Sunday, January 16, 2011

Figuratively speaking...

The armies that fought at the Schellenberg had some interesting differences.

The Anglo-Dutch (and most of their german allies, supplying a sizable part of the total force) tended to deploy their infantry battalions in three ranks. The battalion's line was divided into platoons, and they alternated firing and reloading to provide a continuous rolling sort of fire.
One rather interesting effect of this was that the battalion commander, standing in front of the center of his unit, had to remember to get out of the way when it was time for the platoons deployed behind him to discharge their weapons- and to move back to his normal post before the platoons on either side started again.

The French and Bavarians used the more traditional system of deploying in a four-rank line, evolved form the ten- to six-deep rank battalions of the Thirty Years' War. The most common method appears to be each rank firing as one group while the ones in front would kneel down -but in those days of decentralised training regimes, platoon firing was also known and practiced. The Imperial Army also deployed in four ranks, and here also rank fire appears to have been the norm.

So we have two different army practices. The two important questions in connection with our game are: how do these differences affect game ratings, and will we reflect them in visually representing the units?

I'll start by taking a position a bit off-center. It seems (based on the research efforts of people more seriously engaged in study of the period) that there was little difference in the effect of "platoon fire" and "rank fire" under battlefield conditions. Excercises and experiments carried out at the time tend to suggest platoon fire is more destructive: apparently a steady stream of bullets killing or wounding a few men at the time without respite produces a higher casualty total than a few large, devastating volleys delivered at longish intervals. However on the battlefield it seems that in general, after the first couple of volleys order broke down and each soldier fired as fast as he could reload- at the time, not a very rapid process. So, the first decision (woohoo!) is that there is no difference between rank-firing and platoon-firing infantry in our game.
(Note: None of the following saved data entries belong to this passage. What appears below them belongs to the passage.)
(* Let $n,k,d$ be positive integers such that $k^{1/d}$ is an integer. Then $\textsc{sub-pmm}_{n,k}$ is solvable by monotone formulas of size at most $k n^{d k^{1/d}}$ of each of the following types: (I) $\Sigma_{2d}$ formulas with $\bigwedge$-fan-in $k^{1/d}$ (and $\bigvee$-fan-in $n^{k^{1/d}}$); (II) $\Sigma_{d+1}$ formulas, and also $\Pi_{d+1}$ formulas (with fan-in $k^{1/d}n^{k^{1/d}}$).
   Context: An $AC^0$ formula on variables $X_1,\dots,X_N$ is a rooted tree whose leaves are labeled by a constant $0$ or $1$ or a literal $X_i$ or $\neg X_i$ and whose non-leaves (gates) are labeled by $\bigwedge$ or $\bigvee$ (unbounded fan-in). It is monotone if no leaf is labeled $\neg X_i$. Size is the number of leaves labeled by literals; depth is the maximum number of gates on a root-to-leaf path; fan-in (resp. $\bigwedge$-fan-in, $\bigvee$-fan-in) is the maximum number of children of any gate (resp. $\bigwedge$-gate, $\bigvee$-gate). Depth-$0$ formulas (literals) are both $\Sigma_0$ and $\Pi_0$ formulas. For $d\ge1$, a $\Sigma_d$ formula (resp. $\Pi_d$ formula) is either a $\Pi_{d-1}$ formula (resp. $\Sigma_{d-1}$ formula) or a depth-$d$ formula whose output gate is labeled $\bigvee$ (resp. $\bigwedge$). $\textsc{sub-pmm}_{n,k}$: the input is $k$ Boolean matrices $M^{(1)},\dots,M^{(k)}\in\{0,1\}^{n\times n}$ ($kn^2$ variables). A sub-permutation matrix is a $0/1$ matrix with at most one $1$ in each row and column. A formula solves $\textsc{sub-pmm}_{n,k}$ if on every input where all $M^{(i)}$ are sub-permutation matrices it outputs $\bigvee_{a_1,\dots,a_{k-1}\in[n]} M^{(1)}_{1,a_1}\wedge M^{(2)}_{a_1,a_2}\wedge\cdots\wedge M^{(k)}_{a_{k-1},1}$. *)

theory Defs
  imports Main
begin

text \<open>AC0 formulas: rooted trees. Leaves are constants or literals (Lit True v = X_v,
  Lit False v = negated X_v); gates are unbounded fan-in AND / OR, children given as a list.\<close>

datatype 'v ac0 = Const bool | Lit bool 'v | And "'v ac0 list" | Or "'v ac0 list"

fun eval :: "('v \<Rightarrow> bool) \<Rightarrow> 'v ac0 \<Rightarrow> bool" where
  "eval \<rho> (Const b) = b"
| "eval \<rho> (Lit p v) = (if p then \<rho> v else \<not> \<rho> v)"
| "eval \<rho> (And fs) = (\<forall>f\<in>set fs. eval \<rho> f)"
| "eval \<rho> (Or fs) = (\<exists>f\<in>set fs. eval \<rho> f)"

fun vars :: "'v ac0 \<Rightarrow> 'v set" where
  "vars (Const b) = {}"
| "vars (Lit p v) = {v}"
| "vars (And fs) = (\<Union>f\<in>set fs. vars f)"
| "vars (Or fs) = (\<Union>f\<in>set fs. vars f)"

fun monotone_ac0 :: "'v ac0 \<Rightarrow> bool" where
  "monotone_ac0 (Const b) = True"
| "monotone_ac0 (Lit p v) = p"
| "monotone_ac0 (And fs) = (\<forall>f\<in>set fs. monotone_ac0 f)"
| "monotone_ac0 (Or fs) = (\<forall>f\<in>set fs. monotone_ac0 f)"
The second issue is frontage. A four hundred man battalion deployed in three ranks is wider than the same battalion deployed in four ranks. An army of three-rank battalions is wider than an army of four-rank battalions. It will have an advantage in combat, as it can envelop its opponent, and it will take up more space and maneuvering room. In Volley and Bayonet, each stand/element of troops is the same size, so how will this difference be reflected?
Well, thank you for that question, it's quite interesting and totally unexpected (and in rehearsal you delivered it differently!). The rules provide a nice way out of that problem, since each stand in VnB does not represent a fixed number of troops (expressed in strength points, with 1 SP per 200 men). Having the Anglo-Dutch on stands ranging from 2-3 SPs and the French, Bavarians and Imperials on stands of 4-5 SPs effectively "crams" the deeper army on fewer stands- since the players will be army rather than battalion commanders, that's a fair enough abstraction. That's the second decision.

So that's the whole "different doctrines affecting the game ratings" bit done, how about the visual aspect? After all, that's the main reason those of us in the hobby like it so much: the games and figures look interesting, and fun, and cool, and -if done right- sometimes even beautiful.
Here...we're in trouble. The standard base size in VnB is 3"x1,5", or 8cm wide by 4cm deep (rounded up to avoid going nuts over fractions). There's just no way four ranks of 1:72 scale figures can get on a 4cm deep base. None. At. All. See? Trouble.
The next best thing, seems to be to shave the rear rank off, and have the Anglo-Dutch in two ranks of figures and everyone else on three, to at least retain that "my army is thinner than yours" feel (the editor welcomes jokes on the "Your army is so thin, ...." theme). That's a crucial issue, because the three of us working on the game are really keen to make something visually appealing. So I sat down briefly with some nice Zvezda infantry and a, base, and arranged them to see what this might look like. The appearance is marred by the figures being unpainted, parts of the sprue still being on them (handles for painting, m'lud), my crap photo skills and other assorted ills. I tried to be clever and have half the figures on the two-rank base firing and the other half loading or standing, to give a visual cue of platoon firing. We'll see what the other two participants think. Apart from "Aris, your photo skills suck" that is.